Strengths and limitations

A strength of this study is that we used prospectively collected data from the DNTR to calculate national incidence and mortality of spine injuries. Additionally, we supplemented the DNTR data with an in-depth analysis including detailed information of patients treated in our level-1 trauma centre. A limitation of the in-depth analysis is that younger patients with more severe trauma might have been overrepresented which could result in a lower percentage of patients with spinal injury ≥ 65 years of age and possibly a higher mortality rate. Additionally, COVID-19 could have influenced our results in the cohort 2019–2020, with less spine injuries due to less commuter traffic.

Implication for clinical practice

This study reports a clear increase in spine injuries in patients ≥ 65 years. With global aging, strategies are needed to avoid preventable adverse events and maintain quality of life of older patients.
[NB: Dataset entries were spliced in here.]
lemma
  assumes "v \<in> U" "v' \<in> U"
  shows integrable_group_term_mult:
      "integrable (ubs_space U T1 T2 q1 q2) (\<lambda>\<omega>. group_term v \<omega> * group_term v' \<omega>)"
    and integral_group_term_mult:
      "expectation (\<lambda>\<omega>. group_term v \<omega> * group_term v' \<omega>)
         = (if v = v' then p else p\<^sup>2)
           * (q1\<^sup>2 * sum W (group1 v) * sum W (group1 v')
              + (q1 - q1\<^sup>2) * (\<Sum>t\<in>group1 v \<inter> group1 v'. (W t)\<^sup>2))
           * (q2\<^sup>2 * real (cnt J2 T2 v) * real (cnt J2 T2 v')
              + (q2 - q2\<^sup>2) * real (card (group2 v \<inter> group2 v')))"
    (is "_ = ?thesis_rhs")
proof -
  have eq: "(\<lambda>\<omega>. group_term v \<omega> * group_term v' \<omega>) = (\<lambda>\<omega>.
      (of_bool (fst (fst \<omega>) v < p) * of_bool (fst (fst \<omega>) v' < p))
      * (coin_sum W (group1 v) (snd (fst \<omega>)) * coin_sum W (group1 v') (snd (fst \<omega>)))
      * (coin_sum (\<lambda>_. 1) (group2 v) (snd \<omega>) * coin_sum (\<lambda>_. 1) (group2 v') (snd \<omega>)))"
    by (simp add: group_term_def fun_eq_iff mult_ac)
  have "(\<lambda>h. of_bool (h v < p) * of_bool (h v' < p) :: real) \<in> borel_measurable (hash_space U)"
    using assms by measurable
  note factors = integrable_ubs_space_factors[OF this
      borel_measurable_times[OF coin_sum_measurable coin_sum_measurable]
      borel_measurable_times[OF coin_sum_measurable coin_sum_measurable] _
      abs_coin_sum_mult_le[OF finite_T1] abs_coin_sum_mult_le[OF finite_T2], where Bf = 1]
    integral_ubs_space_factors[OF this
      borel_measurable_times[OF coin_sum_measurable coin_sum_measurable]
      borel_measurable_times[OF coin_sum_measurable coin_sum_measurable] _
      abs_coin_sum_mult_le[OF finite_T1] abs_coin_sum_mult_le[OF finite_T2], where Bf = 1]
  show "integrable (ubs_space U T1 T2 q1 q2) (\<lambda>\<omega>. group_term v \<omega> * group_term v' \<omega>)"
    unfolding eq by (rule factors) auto
  show "expectation (\<lambda>\<omega>. group_term v \<omega> * group_term v' \<omega>) = ?thesis_rhs"
    unfolding eq using finite_T1 finite_T2 finite_U assms p q1 q2
    by (subst factors) (auto simp: integral_hash_less_mult integral_coin_sum_mult cnt_def)
qed

lemma group_terms_uncorrelated:
  assumes "v \<in> U" "v' \<in> U" "v \<noteq> v'"
  shows "expectation (\<lambda>\<omega>. group_term v \<omega> * group_term v' \<omega>)
           = expectation (group_term v) * expectation (group_term v')"
proof -
  have "group1 v \<inter> group1 v' = {}" "group2 v \<inter> group2 v' = {}"
    using assms(3) by auto
  then show ?thesis
    using assms by (simp add: integral_group_term_mult integral_group_term power2_eq_square mult_ac)
qed

lemma variance_group_term:
  assumes "v \<in> U"
  shows "variance (group_term v)
           = p * (q1\<^sup>2 * (sum W (group1 v))\<^sup>2 + (q1 - q1\<^sup>2) * (\<Sum>t\<in>group1 v. (W t)\<^sup>2))
               * (q2\<^sup>2 * (real (cnt J2 T2 v))\<^sup>2 + (q2 - q2\<^sup>2) * real (cnt J2 T2 v))
             - (p * q1 * sum W (group1 v) * q2 * real (cnt J2 T2 v))\<^sup>2"
  using assms integrable_group_term[OF assms] integrable_group_term_mult[OF assms assms]
  by (subst variance_eq)
     (simp_all add: integral_group_term_mult integral_group_term cnt_def power2_eq_square mult_ac)

lemma variance_sum_group_term:
  "variance (\<lambda>\<omega>. \<Sum>v\<in>U. group_term v \<omega>) = (\<Sum>v\<in>U. variance (group_term v))"
  using finite_U integrable_group_term integrable_group_term_mult group_terms_uncorrelated
  by (rule variance_sum_uncorrelated)

end

lemma sum_power2_diff_mean:
  fixes W :: "'i \<Rightarrow> real"
  assumes "finite G" "G \<noteq> {}"
  shows "(\<Sum>t\<in>G. (W t - sum W G / card G)\<^sup>2) = (\<Sum>t\<in>G. (W t)\<^sup>2) - (sum W G)\<^sup>2 / card G"
proof -
  define \<mu> where "\<mu> = sum W G / card G"
  have "card G > 0"
    using assms by (simp add: card_gt_0_iff)
  have "(\<Sum>t\<in>G. (W t - \<mu>)\<^sup>2) = (\<Sum>t\<in>G. (W t)\<^sup>2) - 2 * \<mu> * sum W G + card G * \<mu>\<^sup>2"
    by (simp add: power2_diff sum.distrib sum_subtractf flip: sum_distrib_left sum_distrib_right)
  also have "\<dots> = (\<Sum>t\<in>G. (W t)\<^sup>2) - (sum W G)\<^sup>2 / card G"
    using \<open>card G > 0\<close> by (simp add: \<mu>_def field_simps power2_eq_square)
  finally show ?thesis
    unfolding \<mu>_def .
qed

lemma group_count_mean_sq:
  assumes "finite T"
  shows "(if cnt J T v = 0 then 0 else (real (cnt J T v))\<^sup>2 * (grp_mean J W T v)\<^sup>2)
           = (sum W {t \<in> T. J t = v})\<^sup>2"
proof (cases "{t \<in> T. J t = v} = {}")
  case True
  then show ?thesis
    unfolding cnt_def True by simp
next
  case False
  then have "cnt J T v > 0"
    using assms by (simp add: cnt_def card_gt_0_iff)
  then show ?thesis
    by (simp add: cnt_def grp_mean_def power_divide)
qed

lemma group_count_second_moment:
  assumes "finite T"
  shows "(if cnt J T v = 0 then 0 else real (cnt J T v) * ((grp_mean J W T v)\<^sup>2 + grp_var J W T v))
           = (\<Sum>t\<in>{t \<in> T. J t = v}. (W t)\<^sup>2)"
proof (cases "{t \<in> T. J t = v} = {}")
  case True
  then show ?thesis
    unfolding cnt_def True by simp
next
  case False
  then have "cnt J T v > 0"
    using assms by (simp add: cnt_def card_gt_0_iff)
  moreover have "grp_var J W T v
      = ((\<Sum>t\<in>{t \<in> T. J t = v}. (W t)\<^sup>2) - (sum W {t \<in> T. J t = v})\<^sup>2 / cnt J T v) / cnt J T v"
    using sum_power2_diff_mean[of "{t \<in> T. J t = v}" W] assms False
    by (simp add: grp_var_def grp_mean_def cnt_def)
  ultimately show ?thesis
    by (simp add: grp_mean_def cnt_def field_simps power2_eq_square)
qed

lemma beta_sums:
  assumes "finite T1"
  shows "beta1 U J1 J2 W T1 T2 = (\<Sum>v\<in>U. (sum W {t \<in> T1. J1 t = v})\<^sup>2 * real (cnt J2 T2 v))"
    and "beta2 U J1 J2 W T1 T2 = (\<Sum>v\<in>U. (\<Sum>t\<in>{t \<in> T1. J1 t = v}. (W t)\<^sup>2) * (real (cnt J2 T2 v))\<^sup>2)"
    and "beta3 U J1 J2 W T1 T2 = (\<Sum>v\<in>U. (\<Sum>t\<in>{t \<in> T1. J1 t = v}. (W t)\<^sup>2) * real (cnt J2 T2 v))"
    and "beta4 U J1 J2 W T1 T2 = (\<Sum>v\<in>U. (sum W {t \<in> T1. J1 t = v})\<^sup>2 * (real (cnt J2 T2 v))\<^sup>2)"
proof -
  have [simp]: "(if c then 0 else a) * x = (if c then 0 else a * x)" for c and a x :: real
    by simp
  show "beta1 U J1 J2 W T1 T2 = (\<Sum>v\<in>U. (sum W {t \<in> T1. J1 t = v})\<^sup>2 * real (cnt J2 T2 v))"
    and "beta2 U J1 J2 W T1 T2 = (\<Sum>v\<in>U. (\<Sum>t\<in>{t \<in> T1. J1 t = v}. (W t)\<^sup>2) * (real (cnt J2 T2 v))\<^sup>2)"
    and "beta3 U J1 J2 W T1 T2 = (\<Sum>v\<in>U. (\<Sum>t\<in>{t \<in> T1. J1 t = v}. (W t)\<^sup>2) * real (cnt J2 T2 v))"
    and "beta4 U J1 J2 W T1 T2 = (\<Sum>v\<in>U. (sum W {t \<in> T1. J1 t = v})\<^sup>2 * (real (cnt J2 T2 v))\<^sup>2)"
    unfolding beta1_def beta2_def beta3_def beta4_def
    by (simp_all add: group_count_mean_sq[OF assms, symmetric] group_count_second_moment[OF assms, symmetric])
qed

lemma ubs_variance_coefficients:
  fixes p e1 e2 s m b :: real
  assumes "0 < p" "0 < e1" "0 < e2"
  shows "(p / (e1 * e2))\<^sup>2
           * (p * ((e1 / p)\<^sup>2 * s\<^sup>2 + (e1 / p - (e1 / p)\<^sup>2) * m) * ((e2 / p)\<^sup>2 * b\<^sup>2 + (e2 / p - (e2 / p)\<^sup>2) * b)
              - (p * (e1 / p) * s * (e2 / p) * b)\<^sup>2)
         = (1 / e2 - 1 / p) * (s\<^sup>2 * b) + (1 / e1 - 1 / p) * (m * b\<^sup>2)
           + (p / (e1 * e2) - 1 / e1 - 1 / e2 + 1 / p) * (m * b) + (1 / p - 1) * (s\<^sup>2 * b\<^sup>2)"
  using assms by (simp add: field_simps power2_eq_square)

theorem theorem7:
  fixes U :: "'u set" and T1 :: "'i set" and T2 :: "'k set"
    and J1 :: "'i \<Rightarrow> 'u" and J2 :: "'k \<Rightarrow> 'u" and W :: "'i \<Rightarrow> real"
    and e1 e2 p :: real
  assumes "finite U" and "finite T1" and "finite T2"
    and "J1 ` T1 \<subseteq> U" and "J2 ` T2 \<subseteq> U"
    and "0 < e1" "e1 \<le> 1" "0 < e2" "e2 \<le> 1"
    and "max e1 e2 \<le> p" "p \<le> 1"
  shows "prob_space.variance (ubs_space U T1 T2 (e1 / p) (e2 / p))
           (J_sum_est p e1 e2 J1 J2 W T1 T2)
         = (1 / e2 - 1 / p) * beta1 U J1 J2 W T1 T2
         + (1 / e1 - 1 / p) * beta2 U J1 J2 W T1 T2
         + (p / (e1 * e2) - 1 / e1 - 1 / e2 + 1 / p) * beta3 U J1 J2 W T1 T2
         + (1 / p - 1) * beta4 U J1 J2 W T1 T2"
proof -
  have "0 < p"
    using assms by auto
  interpret ubs_join U T1 T2 J1 J2 W p "e1 / p" "e2 / p"
    using assms \<open>0 < p\<close> by unfold_locales auto
  have "J_sum_est p e1 e2 J1 J2 W T1 T2 = (\<lambda>\<omega>. p / (e1 * e2) * (\<Sum>v\<in>U. group_term v \<omega>))"
    by (simp add: fun_eq_iff J_sum_est_def join_sum_eq_sum_group_term)
  then have variance_est:
    "variance (J_sum_est p e1 e2 J1 J2 W T1 T2) = (p / (e1 * e2))\<^sup>2 * (\<Sum>v\<in>U. variance (group_term v))"
    by (simp only: variance_cmult variance_sum_group_term)
  show ?thesis
    unfolding variance_est beta_sums[OF \<open>finite T1\<close>] sum_distrib_left sum.distrib[symmetric]
    by (intro sum.cong refl, simp only: variance_group_term, rule ubs_variance_coefficients)
       (use assms \<open>0 < p\<close> in auto)
qed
Older patients are at risk for postoperative complications, functional decline and mortality due to pre-existing medical conditions, medication effects, and frailty [20]. However non-operative management could lead to immobilization, pseudoarthrosis and other complications as well. Finding the right balance between these options is a difficult challenge. Early identification of pre-fracture frailty in older patients with a spinal fracture could be important for prognostic counselling, and medical-decision making to prevent adverse health outcomes [21].

Similar to hip fractures, geriatric co-management in spinal fractures may lead to a reduction of mortality, length of hospital stay, delirium, and other complications, and improve the long-term restoration of functionality in older adults [22]. This was already reported in a before-after intervention study in older patients with lumbar spine surgery, that showed a 30% reduction in mean length of in-hospital stay, a shorter time period between surgery and first mobilization, and a higher (54 vs 24%) proportion of patients that was discharged to home [23]. Furthermore, implementation of an ortho-geriatric pathway in a level-1 trauma centre, led to a 46% reduction of delirium in non-surgically treated patients aged ≥ 65 years [24]. Finally, a large British registry study in patients with acute surgery showed that postoperative geriatric medicine review was associated with significantly lower 30-day and 90-day mortality in patients aged ≥ 70 years [25].

Conclusions

The incidence of spinal injury in patients ≥ 65 years has increased significantly over the last 12 years in the Netherlands. Older patients have a higher risk of complications and 20% of the patients dies within 1 year after injury. The increasing incidence and high mortality highlight the need to modify existing treatment protocols for older patients with spinal injury. Early identification of pre-injury frailty and ortho-geriatric co-management may improve outcomes in older patients.